» Task statement
The lines to copy from the data below are those that hold the string "then".

***** Records *****

lemma stable_model_theta_minimal:
  assumes wf: "wf_ic ar S IC" and stable: "stable_model ar S IC D B I"
  shows "theta_minimal ar S IC D B I"
  unfolding theta_minimal_def
proof (intro allI impI)
  fix Z
  assume leZ: "le_on (rar ar) (set (concat (map (\<lambda>P. [PT P, PF P]) S))) Z I"
    and theta: "theta_sat ar S IC D B (override_on I Z (circ_vars S)) (override_on I Z (circ_vars S))"
  let ?X = "reduct_witness I Z"
  have "prog_sat ar S IC D B ?X I"
    using stable leZ theta by (intro prog_sat_reduct_witness[OF wf]) (simp_all add: stable_model_def)
  moreover have "(\<lambda>q s. ?X q s \<or> I q s) = I"
    using reduct_witness_le by (auto simp: fun_eq_iff)
  ultimately have "prog_sat ar S IC D B ?X (\<lambda>q s. ?X q s \<or> I q s)"
    by simp
  moreover have "le_on (rar ar) (set (preds S)) ?X I"
    unfolding le_on_def by (blast intro: reduct_witness_le)
  ultimately have "agree_on (rar ar) (set (preds S)) ?X I"
    using stable unfolding stable_model_def by blast
  then show "agree_on (rar ar) (set (concat (map (\<lambda>P. [PT P, PF P]) S))) Z I"
    using leZ unfolding agree_on_minimized le_on_minimized by (auto simp: agree_on_def ball_set_preds rar_def)
qed

lemma theta_sat_override_on_circ_vars:
  assumes wf: "wf_ic ar S IC" and comp: "completion_sat ar S D I" and facts: "facts_sat I D"
    and le: "le_on (rar ar) (set (preds S)) X I"
    and prog_X: "prog_sat ar S IC D B X (\<lambda>p t. X p t \<or> I p t)"
  shows "theta_sat ar S IC D B (override_on I X (circ_vars S)) (override_on I X (circ_vars S))"
proof -
  let ?H = "override_on I X (circ_vars S)"
  have "rules2_sat B ?H ?H IC"
  proof (rule rules2_sat_mono[OF wf])
    show "rules2_sat B X (\<lambda>p t. X p t \<or> I p t) IC"
      using prog_X by (simp add: prog_sat_def theta_sat_def)
  qed (use le in \<open>auto simp: le_on_def ball_set_preds rar_def\<close>)
  moreover have "rules3_sat ar S ?H"
    using comp prog_X
    by (auto simp: completion_sat_def prog_sat_def theta_sat_def facts_sat_def rules3_sat_def)
  ultimately show ?thesis
    using facts by (simp add: theta_sat_def facts_sat_def)
qed

lemma completion_sat_agree_on_preds:
  fixes X I :: "'p rp \<Rightarrow> 'c list \<Rightarrow> bool"
  assumes comp: "completion_sat ar S D I" and le: "le_on (rar ar) (set (preds S)) X I"
    and prog_X: "prog_sat ar S IC D B X (\<lambda>p t. X p t \<or> I p t)"
    and agree: "agree_on (rar ar) (set (concat (map (\<lambda>P. [PT P, PF P]) S))) X I"
  shows "agree_on (rar ar) (set (preds S)) X I"
  unfolding agree_on_def ball_set_preds rar_def base.simps
proof (intro ballI allI impI conjI)
  fix P and t :: "'c list"
  assume P: "P \<in> set S" and len: "length t = ar P"
  have le_P: "X (p P) t \<Longrightarrow> I (p P) t" if "p \<in> {Orig, PT, PF, PS, PSS}" for p
    using le P len that by (auto simp: le_on_def ball_set_preds rar_def)
  have Orig: "X (Orig P) t \<longleftrightarrow> I (Orig P) t"
    using comp prog_X le_P[of Orig] P len
    by (auto simp: completion_sat_def prog_sat_def theta_sat_def facts_sat_def)
  moreover have T: "X (PT P) t \<longleftrightarrow> I (PT P) t" and F: "X (PF P) t \<longleftrightarrow> I (PF P) t"
    using agree P len unfolding agree_on_minimized by simp_all
  moreover have PS: "X (PS P) t \<longleftrightarrow> I (PS P) t"
    using comp prog_X le_P[of PS] Orig T P len
    by (auto simp: completion_sat_def prog_sat_def theta_sat_def rules3_sat_def)
  moreover have "X (PSS P) t \<longleftrightarrow> I (PSS P) t"
    using comp prog_X le_P[of PSS] PS F P len
    by (auto simp: completion_sat_def prog_sat_def rules4_sat_def)
  ultimately show "X (Orig P) t = I (Orig P) t" "X (PT P) t = I (PT P) t" "X (PF P) t = I (PF P) t"
    "X (PS P) t = I (PS P) t" "X (PSS P) t = I (PSS P) t"
    by simp_all
qed

lemma completion_sat_theta_minimal_stable_model:
  assumes wf: "wf_ic ar S IC" and comp: "completion_sat ar S D I"
    and theta: "theta_sat ar S IC D B I I" and minimal: "theta_minimal ar S IC D B I"
  shows "stable_model ar S IC D B I"
  unfolding stable_model_def
proof (intro conjI allI impI)
  show "prog_sat ar S IC D B I I"
    using comp theta by (auto simp: prog_sat_def completion_sat_def rules4_sat_def rules5_sat_def)
next
  fix X
  assume le: "le_on (rar ar) (set (preds S)) X I"
    and prog_X: "prog_sat ar S IC D B X (\<lambda>p t. X p t \<or> I p t)"
  have "theta_sat ar S IC D B (override_on I X (circ_vars S)) (override_on I X (circ_vars S))"
    using theta by (intro theta_sat_override_on_circ_vars[OF wf comp _ le prog_X]) (simp add: theta_sat_def)
  moreover have "le_on (rar ar) (set (concat (map (\<lambda>P. [PT P, PF P]) S))) X I"
    using le by (auto simp: le_on_def preds_def)
  ultimately have "agree_on (rar ar) (set (concat (map (\<lambda>P. [PT P, PF P]) S))) X I"
    using minimal unfolding theta_minimal_def by blast
  then show "agree_on (rar ar) (set (preds S)) X I"
    using completion_sat_agree_on_preds[OF comp le prog_X] by blast
qed

theorem proposition2:
  fixes S :: "'p list" and ar :: "'p \<Rightarrow> nat"
    and IC :: "('p, 'b, 'c::enum) ucon list" and D :: "('p \<times> 'c list) list"
    and B :: "'b \<Rightarrow> 'c list \<Rightarrow> bool" and I :: "'p rp \<Rightarrow> 'c list \<Rightarrow> bool"
  assumes "wf_db ar S D" and "wf_ic ar S IC"
  shows "Phi_holds ar S IC D B I \<longleftrightarrow> RHS_holds ar S IC D B I"
proof -
  have "stable_model ar S IC D B I \<longleftrightarrow>
      completion_sat ar S D I \<and> theta_sat ar S IC D B I I \<and> theta_minimal ar S IC D B I"
    using stable_model_completion_sat[OF assms(2)] stable_model_theta_minimal[OF assms(2)]
      completion_sat_theta_minimal_stable_model[OF assms(2)] stable_model_theta_sat
    by blast
  then show ?thesis
    by (simp add: Phi_holds_iff_stable_model RHS_holds_iff[OF assms(1)])
qed

end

*****

» Written solution
  then show "agree_on (rar ar) (set (concat (map (\<lambda>P. [PT P, PF P]) S))) Z I"
  then show "agree_on (rar ar) (set (preds S)) X I"
  then show ?thesis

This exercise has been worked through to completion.